André Breton

Clair de terre

France   1922

Genre de texte
recueil de poésies

Contexte
Le titre désigne explicitement « Cinq rêves », tous dédiés à Georges de Chirico (Giorgio de Chirico, 1888-1978), peintre italien d'origine grecque, très actif à Paris vers 1911-1914 et dont les rapports au surréalisme, nombreux et fluctuants, vont de précurseur à exclu (à partir de 1926). L'édition originale des trois premiers de ces rêves s'accompagnait de la reproduction d'une de ses toiles, le Cerveau de l'enfant (1914), que possédait André Breton.

Notes
Roger Lefébure est un avocat parisien qui défendit les dadaïstes dans quelques affaires (cf. Pléiade, p. 151, n. 1).

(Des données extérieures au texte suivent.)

(* Fix $k\ge0$. Let $\mathcal G$ be a discrete groupoid acting self-similarly on a locally convex $(k+1)$-graph $\Lambda$, and let $\Gamma=d^{-1}(\mathbb N^k\times\{0\})$. Then every finite subset $F\subseteq v(\Gamma\bowtie\mathcal G)$ ($v\in\Lambda^0$) that is exhaustive in $\Gamma\bowtie\mathcal G$ is exhaustive in $\Lambda\bowtie\mathcal G$.
   Context: A $(k+1)$-graph is a countable small category $\Lambda$ with a functor $d:\Lambda\to\mathbb N^{k+1}$ with unique factorisation (whenever $d(\lambda)=m+n$ there are unique $\mu,\nu$ with $\lambda=\mu\nu$, $d(\mu)=m$, $d(\nu)=n$); $\Lambda^n=d^{-1}(n)$. Locally convex: for $i\ne j$, if $e\in\Lambda^{e_i}$ and $r(e)\Lambda^{e_j}\ne\emptyset$ then $s(e)\Lambda^{e_j}\ne\emptyset$. A self-similar action of a discrete groupoid $\mathcal G$ ($\mathcal G^0=\Lambda^0$) on $\Lambda$: left action $g\triangleright\lambda\in\Lambda$, right action $g\triangleleft\lambda\in\mathcal G$ (for $s(g)=r(\lambda)$) with $s(g\triangleright\lambda)=r(g\triangleleft\lambda)$, $g\triangleright(\lambda\mu)=(g\triangleright\lambda)((g\triangleleft\lambda)\triangleright\mu)$, $(gh)\triangleleft\lambda=(g\triangleleft(h\triangleright\lambda))(h\triangleleft\lambda)$, $d(g\triangleright\lambda)=d(\lambda)$. $\Lambda\bowtie\mathcal G$ has morphisms $\lambda g$ ($s(\lambda)=r(g)$), product $\lambda g\mu h=\lambda(g\triangleright\mu)(g\triangleleft\mu)h$; $\Gamma\bowtie\mathcal G$ is a subcategory. For a category $\mathcal C$ and $v\in\mathcal C^0$, $F\subseteq v\mathcal C$ is exhaustive in $\mathcal C$ if for every $c\in v\mathcal C$ there is $a\in F$ with $c\mathcal C\cap a\mathcal C\ne\emptyset$. *)

theory Defs
  imports Main "HOL-Library.Countable_Set"
begin

text \<open>A small category whose objects are represented by identity morphisms,
  equipped with a degree functor into N^n (functions nat => nat vanishing at indices >= n).\<close>

record 'a kgraph =
  KMor :: "'a set"
  KSrc :: "'a \<Rightarrow> 'a"
  KRng :: "'a \<Rightarrow> 'a"
  KCmp :: "'a \<Rightarrow> 'a \<Rightarrow> 'a"
  KDeg :: "'a \<Rightarrow> nat \<Rightarrow> nat"

definition vertices :: "'a kgraph \<Rightarrow> 'a set" where
  "vertices L = KRng L ` KMor L"

definition is_category :: "'a kgraph \<Rightarrow> bool" where
  "is_category L \<longleftrightarrow>
     (\<forall>x\<in>KMor L. KSrc L x \<in> KMor L \<and> KRng L x \<in> KMor L
        \<and> KSrc L (KSrc L x) = KSrc L x \<and> KRng L (KSrc L x) = KSrc L x
        \<and> KSrc L (KRng L x) = KRng L x \<and> KRng L (KRng L x) = KRng L x
        \<and> KCmp L (KRng L x) x = x \<and> KCmp L x (KSrc L x) = x)
   \<and> (\<forall>x\<in>KMor L. \<forall>y\<in>KMor L. KSrc L x = KRng L y \<longrightarrow>
        KCmp L x y \<in> KMor L \<and> KRng L (KCmp L x y) = KRng L x \<and> KSrc L (KCmp L x y) = KSrc L y)
   \<and> (\<forall>x\<in>KMor L. \<forall>y\<in>KMor L. \<forall>z\<in>KMor L. KSrc L x = KRng L y \<longrightarrow> KSrc L y = KRng L z \<longrightarrow>
        KCmp L (KCmp L x y) z = KCmp L x (KCmp L y z))"

text \<open>An n-graph (n = k+1 in the paper): countable small category with a degree functor
  d into N^n having the unique factorisation property.\<close>

definition is_kgraph :: "nat \<Rightarrow> 'a kgraph \<Rightarrow> bool" where
  "is_kgraph n L \<longleftrightarrow> is_category L \<and> countable (KMor L)
   \<and> (\<forall>x\<in>KMor L. \<forall>i\<ge>n. KDeg L x i = 0)
   \<and> (\<forall>v\<in>vertices L. KDeg L v = (\<lambda>_. 0))
   \<and> (\<forall>x\<in>KMor L. \<forall>y\<in>KMor L. KSrc L x = KRng L y \<longrightarrow>
        KDeg L (KCmp L x y) = (\<lambda>i. KDeg L x i + KDeg L y i))
   \<and> (\<forall>x\<in>KMor L. \<forall>m p. KDeg L x = (\<lambda>i. m i + p i) \<longrightarrow>
        (\<exists>!q. case q of (a, b) \<Rightarrow> a \<in> KMor L \<and> b \<in> KMor L \<and> KSrc L a = KRng L b
                 \<and> KCmp L a b = x \<and> KDeg L a = m \<and> KDeg L b = p))"

definition unitv :: "nat \<Rightarrow> nat \<Rightarrow> nat" where
  "unitv i = (\<lambda>j. if j = i then 1 else 0)"

definition locally_convex :: "nat \<Rightarrow> 'a kgraph \<Rightarrow> bool" where
  "locally_convex n L \<longleftrightarrow>
    (\<forall>i<n. \<forall>j<n. i \<noteq> j \<longrightarrow> (\<forall>e\<in>KMor L. KDeg L e = unitv i \<longrightarrow>
       (\<exists>f\<in>KMor L. KRng L f = KRng L e \<and> KDeg L f = unitv j) \<longrightarrow>
       (\<exists>f\<in>KMor L. KRng L f = KSrc L e \<and> KDeg L f = unitv j)))"

text \<open>A (discrete) groupoid whose unit space is identified with the set V:
  the unit at v is GId v.\<close>

record ('g, 'a) groupoid =
  GMor :: "'g set"
  GSrc :: "'g \<Rightarrow> 'a"
  GRng :: "'g \<Rightarrow> 'a"
  GCmp :: "'g \<Rightarrow> 'g \<Rightarrow> 'g"
  GId  :: "'a \<Rightarrow> 'g"
  GInv :: "'g \<Rightarrow> 'g"

definition groupoid_on :: "'a set \<Rightarrow> ('g, 'a) groupoid \<Rightarrow> bool" where
  "groupoid_on V G \<longleftrightarrow>
     (\<forall>v\<in>V. GId G v \<in> GMor G \<and> GSrc G (GId G v) = v \<and> GRng G (GId G v) = v)
   \<and> (\<forall>g\<in>GMor G. GSrc G g \<in> V \<and> GRng G g \<in> V
        \<and> GCmp G g (GId G (GSrc G g)) = g \<and> GCmp G (GId G (GRng G g)) g = g
        \<and> GInv G g \<in> GMor G \<and> GSrc G (GInv G g) = GRng G g \<and> GRng G (GInv G g) = GSrc G g
        \<and> GCmp G g (GInv G g) = GId G (GRng G g) \<and> GCmp G (GInv G g) g = GId G (GSrc G g))
   \<and> (\<forall>g\<in>GMor G. \<forall>h\<in>GMor G. GSrc G g = GRng G h \<longrightarrow>
        GCmp G g h \<in> GMor G \<and> GRng G (GCmp G g h) = GRng G g \<and> GSrc G (GCmp G g h) = GSrc G h)
   \<and> (\<forall>f\<in>GMor G. \<forall>g\<in>GMor G. \<forall>h\<in>GMor G. GSrc G f = GRng G g \<longrightarrow> GSrc G g = GRng G h \<longrightarrow>
        GCmp G (GCmp G f g) h = GCmp G f (GCmp G g h))"

text \<open>Self-similar action: lact g x is g |> x, ract g x is g <| x (defined for s(g) = r(x)).\<close>

definition self_similar_action ::
  "'a kgraph \<Rightarrow> ('g, 'a) groupoid \<Rightarrow> ('g \<Rightarrow> 'a \<Rightarrow> 'a) \<Rightarrow> ('g \<Rightarrow> 'a \<Rightarrow> 'g) \<Rightarrow> bool" where
  "self_similar_action L G lact ract \<longleftrightarrow>
     (\<forall>g\<in>GMor G. \<forall>x\<in>KMor L. GSrc G g = KRng L x \<longrightarrow>
        lact g x \<in> KMor L \<and> ract g x \<in> GMor G
        \<and> KRng L (lact g x) = GRng G g
        \<and> KDeg L (lact g x) = KDeg L x
        \<and> KSrc L (lact g x) = GRng G (ract g x)
        \<and> GSrc G (ract g x) = KSrc L x)
   \<and> (\<forall>x\<in>KMor L. lact (GId G (KRng L x)) x = x)
   \<and> (\<forall>g\<in>GMor G. \<forall>h\<in>GMor G. \<forall>x\<in>KMor L. GSrc G g = GRng G h \<longrightarrow> GSrc G h = KRng L x \<longrightarrow>
        lact (GCmp G g h) x = lact g (lact h x)
        \<and> ract (GCmp G g h) x = GCmp G (ract g (lact h x)) (ract h x))
   \<and> (\<forall>g\<in>GMor G. \<forall>x\<in>KMor L. \<forall>y\<in>KMor L. GSrc G g = KRng L x \<longrightarrow> KSrc L x = KRng L y \<longrightarrow>
        lact g (KCmp L x y) = KCmp L (lact g x) (lact (ract g x) y)
        \<and> ract g (KCmp L x y) = ract (ract g x) y)
   \<and> (\<forall>g\<in>GMor G. ract g (GSrc G g) = g)"

text \<open>Zappa-Szep product restricted to the morphisms of L satisfying P
  (P = True gives L bowtie G; P x = (d(x)_k = 0) gives Gamma bowtie G).\<close>

definition zs_mor :: "'a kgraph \<Rightarrow> ('g, 'a) groupoid \<Rightarrow> ('a \<Rightarrow> bool) \<Rightarrow> ('a \<times> 'g) set" where
  "zs_mor L G P = {(x, g). x \<in> KMor L \<and> P x \<and> g \<in> GMor G \<and> KSrc L x = GRng G g}"

definition zs_rng :: "'a kgraph \<Rightarrow> ('a \<times> 'g) \<Rightarrow> 'a" where
  "zs_rng L c = KRng L (fst c)"

definition zs_src :: "('g, 'a) groupoid \<Rightarrow> ('a \<times> 'g) \<Rightarrow> 'a" where
  "zs_src G c = GSrc G (snd c)"

definition zs_cmp :: "'a kgraph \<Rightarrow> ('g, 'a) groupoid \<Rightarrow> ('g \<Rightarrow> 'a \<Rightarrow> 'a) \<Rightarrow> ('g \<Rightarrow> 'a \<Rightarrow> 'g)
    \<Rightarrow> ('a \<times> 'g) \<Rightarrow> ('a \<times> 'g) \<Rightarrow> ('a \<times> 'g)" where
  "zs_cmp L G lact ract c e =
     (KCmp L (fst c) (lact (snd c) (fst e)), GCmp G (ract (snd c) (fst e)) (snd e))"

text \<open>F \<subseteq> vC is exhaustive in C: every c in vC has a in F with cC \<inter> aC nonempty.\<close>

definition exhaustive ::
  "'c set \<Rightarrow> ('c \<Rightarrow> 'o) \<Rightarrow> ('c \<Rightarrow> 'o) \<Rightarrow> ('c \<Rightarrow> 'c \<Rightarrow> 'c) \<Rightarrow> 'o \<Rightarrow> 'c set \<Rightarrow> bool" where
  "exhaustive C rng src cmp v F \<longleftrightarrow>
     F \<subseteq> {c \<in> C. rng c = v} \<and>
     (\<forall>c\<in>C. rng c = v \<longrightarrow>
        (\<exists>a\<in>F. \<exists>x\<in>C. \<exists>y\<in>C. src c = rng x \<and> src a = rng y \<and> cmp c x = cmp a y))"

end

theory Submission
  imports Defs
begin

text \<open>Let \<open>N\<close> be the componentwise sum of the degrees of the paths occurring in \<open>F\<close>.
  Any \<open>(\<lambda>, g)\<close> extends to \<open>(\<lambda>\<tau>, 1)\<close> where, in each of the first \<open>k\<close> colours, \<open>\<lambda>\<tau>\<close> either
  has degree at least \<open>N\<close> or cannot be extended further. Factor \<open>\<lambda>\<tau> = \<beta>\<rho>\<close> with \<open>\<beta> \<in> \<Gamma>\<close> and \<open>\<rho>\<close> of
  colour \<open>k\<close>; local convexity transfers the non-extendability from \<open>s(\<rho>)\<close> to \<open>s(\<beta>)\<close>.
  Exhaustiveness in \<open>\<Gamma> \<bowtie> \<G>\<close> gives \<open>(\<alpha>, h) \<in> F\<close> with \<open>\<beta>\<mu> = \<alpha>\<nu>\<close>, and the choice of \<open>N\<close> forces
  \<open>d(\<alpha>) \<le> d(\<beta>)\<close>, so \<open>\<alpha>\<close> is a prefix of \<open>\<lambda>\<tau>\<close> by unique factorisation. Finally \<open>(\<lambda>\<tau>, 1)\<close> is a
  common extension of \<open>(\<lambda>, g)\<close> and \<open>(\<alpha>, h)\<close>, because the left action of \<open>h\<close> is invertible.\<close>

locale higher_rank_graph =
  fixes n :: nat and L :: "'a kgraph"
  assumes is_kgraph: "is_kgraph n L"
begin

lemma is_category: "is_category L"
  using is_kgraph by (simp add: is_kgraph_def)

lemma src_in_mor: "x \<in> KMor L \<Longrightarrow> KSrc L x \<in> KMor L"
  and rng_in_mor: "x \<in> KMor L \<Longrightarrow> KRng L x \<in> KMor L"
  and rng_src: "x \<in> KMor L \<Longrightarrow> KRng L (KSrc L x) = KSrc L x"
  and src_rng: "x \<in> KMor L \<Longrightarrow> KSrc L (KRng L x) = KRng L x"
  and cmp_rng_left: "x \<in> KMor L \<Longrightarrow> KCmp L (KRng L x) x = x"
  and cmp_src_right: "x \<in> KMor L \<Longrightarrow> KCmp L x (KSrc L x) = x"
  using is_category by (simp_all add: is_category_def)

lemma cmp_in_mor: "x \<in> KMor L \<Longrightarrow> y \<in> KMor L \<Longrightarrow> KSrc L x = KRng L y \<Longrightarrow> KCmp L x y \<in> KMor L"
  and rng_cmp: "x \<in> KMor L \<Longrightarrow> y \<in> KMor L \<Longrightarrow> KSrc L x = KRng L y \<Longrightarrow> KRng L (KCmp L x y) = KRng L x"
  and src_cmp: "x \<in> KMor L \<Longrightarrow> y \<in> KMor L \<Longrightarrow> KSrc L x = KRng L y \<Longrightarrow> KSrc L (KCmp L x y) = KSrc L y"
  using is_category by (simp_all add: is_category_def)

lemma cmp_assoc:
  "x \<in> KMor L \<Longrightarrow> y \<in> KMor L \<Longrightarrow> z \<in> KMor L \<Longrightarrow> KSrc L x = KRng L y \<Longrightarrow> KSrc L y = KRng L z \<Longrightarrow>
    KCmp L (KCmp L x y) z = KCmp L x (KCmp L y z)"
  using is_category unfolding is_category_def by blast

lemma src_in_vertices: "x \<in> KMor L \<Longrightarrow> KSrc L x \<in> vertices L"
  unfolding vertices_def by (metis image_eqI rng_src src_in_mor)

lemma rng_in_vertices: "x \<in> KMor L \<Longrightarrow> KRng L x \<in> vertices L"
  unfolding vertices_def by blast

lemma deg_vanishes_above: "x \<in> KMor L \<Longrightarrow> n \<le> i \<Longrightarrow> KDeg L x i = 0"
  using is_kgraph by (simp add: is_kgraph_def)

lemma deg_vertex: "u \<in> vertices L \<Longrightarrow> KDeg L u = (\<lambda>_. 0)"
  using is_kgraph by (simp add: is_kgraph_def)

lemma deg_cmp:
  "x \<in> KMor L \<Longrightarrow> y \<in> KMor L \<Longrightarrow> KSrc L x = KRng L y \<Longrightarrow>
    KDeg L (KCmp L x y) = (\<lambda>i. KDeg L x i + KDeg L y i)"
  using is_kgraph by (simp add: is_kgraph_def)

lemma factorisation_exists:
  assumes "x \<in> KMor L" and "KDeg L x = (\<lambda>i. m i + p i)"
  obtains a b where "a \<in> KMor L" "b \<in> KMor L" "KSrc L a = KRng L b" "KCmp L a b = x"
    "KDeg L a = m" "KDeg L b = p"
proof -
  from is_kgraph assms obtain q where "case q of (a, b) \<Rightarrow> a \<in> KMor L \<and> b \<in> KMor L
      \<and> KSrc L a = KRng L b \<and> KCmp L a b = x \<and> KDeg L a = m \<and> KDeg L b = p"
    unfolding is_kgraph_def by blast
  with that show ?thesis by (cases q) auto
qed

Paul Poiret (1879-1944), couturier et décorateur français, personnalité de la mode féminine.

Commentaires
Phénomène de transformation courant dans le rêve: à l'image des oiseaux se superpose celle d'un gros mammifère, vache ou cheval.

Texte témoin
André Breton, Clair de terre, précédé de Monts de piété, suivi de le Révolver à cheveux blancs, et de l'Air et l'eau, Paris, Gallimard, (coll. « Poésie »), 1966, p. 39-40.

Édition originale
André Breton, « Récit de trois rêves », dans la revue Littérature (Paris), nouvelle série, 1er mars 1922, p. 5-6. Il s'agit du dernier des trois rêves dont il est précisé : « sténographie de Mlle Olla ». Ils sont accompagnés de la reproduction d'une toile de Chirico, le Cerveau de l'enfant (1914). Cf. Pléiade, p. 1191.

André Breton, troisième des « Cinq rêves », Clair de terre, Paris, Littérature (coll. « Littérature »), 1923.

Édition critique
André Breton, Å’uvres complètes, vol 1, Clair de terre, éd. Marguerite Bonnet, Paris, Gallimard (coll. « Bibliothèque de la pléiade »), 1988, p. 151.




3e des «Cinq rêves»

Un œil phosphorescent

III

Je me baignais avec un petit enfant au bord de la mer. Peu après je me trouvai sur la plage en compagnie d'un certain nombre de gens, dont les uns me sont connus, les autres inconnus, quand brusquement l'un des promeneurs nous signala deux oiseaux qui volaient parallèlement à une certaine distance, et qui pouvaient être des mouettes.

Quelqu'un eut aussitôt l'idée de tirer sur ces oiseaux (car nous portions tous des fusils) et l'on put croire que l'un d'eux avait été blessé.

Ils tombèrent en effet assez loin du rivage, et nous attendîmes quelque temps que la vague les apportât.

À mesure qu'ils approchaient, j'observai que ces animaux n'étaient nullement des oiseaux comme je l'avais cru tout d'abord, mais bien plutôt des sortes de vaches ou de chevaux.

L'animal qui n'était pas blessé soutenait l'autre avec beaucoup d'attendrissement. Quand ils furent à nos pieds, ce dernier expira.

La particularité la plus remarquable que présentait cet animal qui venait de mourir était la différenciation très curieuse de ses yeux.

L'un de ceux-ci, en effet, était complètement terne et assez semblable à une coquille d'oursin, tandis que l'autre était merveilleusement coloré et brillant.

L'animal secourable avait depuis longtemps disparu. C'est alors que M. Roger Lefébure qui, je ne sais pourquoi, se trouvait parmi nous, s'empara de l'oeil phosphorescent et le prit pour monocle.

Ce que voyant une personne de l'assistance jugea bon de rapporter l'anecdote suivante :

Dernièrement, comme à son habitude, M. Paul Poiret dansait devant ses clientes, quand brusquement son monocle tomba par terre et se brisa. M. Paul Éluard, qui se trouvait là, eut l'amabilité de lui offrir le sien, mais celui-ci subit le même sort.